Stop Using username “admin”

This is the most common mistake WordPress users do. They use common users name such as admin, administrator, root or website name. Website having these usernames are most likely to be hacked. If you are using username as admin, change it now. Read earlier post explaining how to change username of WordPress website.

Use Strong Password

This is another common mistake generally users do. Never use a weak, short and easy to guess password.A strong password contains characters in upper case, lowercase, numbers and special characters. Password length must also be more than 10 characters. In Brute force attack, attackers try all common passwords. So, have an easy to guess password.

Limit Login attempts

You should also limit number of login attempts. If a person enters wrong password by these number of times, he will not be able to use login form any more. Although, this is an important step we can take to protect from brute force attack. But the recent attacks are using more than 90,000 different IP addresses. So, this protection may fail. Still, you can use this. You can use limit login attempts WordPress plugin.

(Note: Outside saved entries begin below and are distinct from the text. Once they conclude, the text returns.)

text \<open>Potentials on X and Y differ by a constant along the connected set X \<inter> Y, so shifting
  the one on Y - X by that constant glues them.\<close>
lemma weighted_bipartite_Un:
  assumes wg: "weighted_graph V E w"
    and bipX: "weighted_bipartite E w X" and bipY: "weighted_bipartite E w Y"
    and conn: "induced_connected E (X \<inter> Y)"
    and no_cross: "\<And>u v. u \<in> X - Y \<Longrightarrow> v \<in> Y - X \<Longrightarrow> \<not> E u v"
  shows "weighted_bipartite E w (X \<union> Y)"
proof -
  obtain cX cY where cX: "parity_potential E w X cX" and cY: "parity_potential E w Y cY"
    by (metis weighted_bipartite_imp_parity_potential[OF wg] bipX bipY)
  obtain p where p: "p \<in> X \<inter> Y"
    using conn unfolding induced_connected_def by blast
  define k where "k = cX p + cY p"
  have shift: "even (cX m + cY m + k)" if "m \<in> X \<inter> Y" for m
  proof -
    have "reachable_within E (X \<inter> Y) p m"
      using conn p that unfolding induced_connected_iff_reachable_within by blast
    then obtain xs where xs: "walk E xs" "set xs \<subseteq> X \<inter> Y" "hd xs = p" "last xs = m"
      unfolding reachable_within_def by blast
    then have "even (walk_weight w xs + cX p + cX m)" "even (walk_weight w xs + cY p + cY m)"
      using walk_weight_parity[OF cX] walk_weight_parity[OF cY] by auto
    then show ?thesis
      unfolding k_def by presburger
  qed
  define c where "c v = (if v \<in> X then cX v else cY v + k)" for v
  have from_X: "even (w u v + c u + c v)" if "u \<in> X" "v \<in> X \<union> Y" "E u v" for u v
  proof (cases "v \<in> X")
    case True
    then show ?thesis
      using cX that unfolding parity_potential_def c_def by simp
  next
    case False
    then have "u \<in> X \<inter> Y" "v \<in> Y"
      using that no_cross by auto
    then have "even (cX u + cY u + k)" "even (w u v + cY u + cY v)"
      using shift cY that(3) unfolding parity_potential_def by auto
    then show ?thesis
      using that(1) False unfolding c_def by presburger
  qed
  have "parity_potential E w (X \<union> Y) c"
    unfolding parity_potential_def
  proof (intro ballI impI)
    fix u v
    assume uv: "u \<in> X \<union> Y" "v \<in> X \<union> Y" "E u v"
    consider "u \<in> X" | "v \<in> X" | "u \<in> Y - X" "v \<in> Y - X"
      using uv by blast
    then show "even (w u v + c u + c v)"
    proof cases
      case 1
      then show ?thesis using from_X uv by blast
    next
      case 2
      then have "even (w v u + c v + c u)"
        using from_X uv weighted_graph_symp[OF wg] by (blast dest: sympD)
      then show ?thesis
        using weighted_graph_weight_sym[OF wg uv(3)] by (simp add: ac_simps)
    next
      case 3
      then have "even (w u v + cY u + cY v)"
        using cY uv(3) unfolding parity_potential_def by blast
      moreover have "c u = cY u + k" "c v = cY v + k"
        using 3 by (simp_all add: c_def)
      ultimately show ?thesis
        by presburger
    qed
  qed
  then show ?thesis
    by (rule parity_potential_imp_weighted_bipartite)
qed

Also read: How to backup WordPress

Password Protect WP-Admin

This is also a nice way you can use to prevent hackers from your website. For this, you can either use .htpasswds file method, or cpanel. If you want to use .htpasswds method, try this generator. If you are planning to do it with cpanel, login in cpanel and see security section.

Password protect directory

Use Some popular security plugins

There are some nice WordPress security plugins available that can help you in making your WordPress secure. These plugins are Wordfence Security, BulletProof Security and Better WP Security. These plugins protect WordPress from different kind of vulnerabilities and attacks.

Backup your Website

At last, keep the backup of your website. Although we have added many things to protect WordPress, but there is a possibility to hack your website. In case your website has been hacked, you can restore your website from backup. Read an older post explaining how to backup WordPress websites.

We cannot say why attackers are performing these attacks and what is the end of it. But it is never too late. You should try everything you can do to prevent hackers from hacking your WordPress. Try all steps mentioned above to protect WordPress website.


Deepanker Verma is the founder of Techlomedia. He is a tech blogger, developer and gadget freak.

Similar Articles


Leave a comment

Comment policy: We love comments and appreciate the time that readers spend to share ideas and give feedback. However, all comments are manually moderated and those deemed to be spam or solely promotional will be deleted.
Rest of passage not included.